The Architecture of Reality: Sacred Time & Sacred Place in Holy Scripture
Lesson 6 – As Knowledge in the Knower and the Beloved in the Lover
Review of Lesson 5
Last time we were together, we started working on this question, “In what sense is God inside of us?” And we spent a good half hour studying all the ways God is not and cannot be inside of us. Does anyone remember some of the ways we said that God cannot be inside of us?
We looked at 8 modes/ways that one thing can be said to be in another:
- As a body is in place. Example: Paul is in the Areopagus. Or, you are in this room and not at home.
- As a part is in the whole. Example: A finger is in the hand.
- As the whole is in its parts. Example: A hand is in the fingers, for there is no whole hand over and above the parts (fingers).
- As a species is in its genus. Example: The species (man) is in the genus (animal).

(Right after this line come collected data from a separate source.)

lemma set_mult_subgroup_if_normalizes:
  assumes L: "subgroup L G" and K: "subgroup K G"
    and norm: "\<And>k l. k \<in> K \<Longrightarrow> l \<in> L \<Longrightarrow> k \<otimes> l \<otimes> inv k \<in> L"
  shows "subgroup (L <#> K) G"
proof (rule subgroupI)
  have Lc: "L \<subseteq> carrier G" and Kc: "K \<subseteq> carrier G" using L K subgroup.subset by auto
  show "L <#> K \<subseteq> carrier G" using setmult_subset_G[OF Lc Kc] .
  show "L <#> K \<noteq> {}" using subgroup.one_closed[OF L] subgroup.one_closed[OF K] unfolding set_mult_def by blast
next
  have Lc: "L \<subseteq> carrier G" and Kc: "K \<subseteq> carrier G" using L K subgroup.subset by auto
  fix x y assume "x \<in> L <#> K" "y \<in> L <#> K"
  then obtain l k l' k' where lk: "l \<in> L" "k \<in> K" "x = l \<otimes> k" "l' \<in> L" "k' \<in> K" "y = l' \<otimes> k'"
    unfolding set_mult_def by blast
  have c: "l \<in> carrier G" "k \<in> carrier G" "l' \<in> carrier G" "k' \<in> carrier G" using lk Lc Kc by auto
  have "x \<otimes> y = (l \<otimes> (k \<otimes> l' \<otimes> inv k)) \<otimes> (k \<otimes> k')"
    using lk c by (simp add: m_assoc inv_mult_cancel_left)
  moreover have "l \<otimes> (k \<otimes> l' \<otimes> inv k) \<in> L" using lk norm subgroup.m_closed[OF L] by blast
  moreover have "k \<otimes> k' \<in> K" using lk subgroup.m_closed[OF K] by blast
  ultimately show "x \<otimes> y \<in> L <#> K" unfolding set_mult_def by blast
  have "inv x = (inv k \<otimes> inv l \<otimes> inv (inv k)) \<otimes> inv k" using lk c by (simp add: m_assoc inv_mult_group)
  moreover have "inv k \<otimes> inv l \<otimes> inv (inv k) \<in> L"
    using lk norm subgroup.m_inv_closed[OF K] subgroup.m_inv_closed[OF L] by blast
  moreover have "inv k \<in> K" using lk subgroup.m_inv_closed[OF K] by blast
  ultimately show "inv x \<in> L <#> K" unfolding set_mult_def by blast
qed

- As the genus is in the species. Example:The animal (genus) is in the man who is of the species rational animal.
- As form is in matter. Example: The soul (immaterial form) is in the body (matter).
- As an accident is in a substance. For example, whiteness is an accident that exists in the substance Socrates, and yet if Socrates goes out in the sun and gets dark/tan, he is still Socrates despite no longer being white, thus whiteness is accidental to Socrates. Substance on the other hand is the principle of unity and self-identity that persists across all accidental changes.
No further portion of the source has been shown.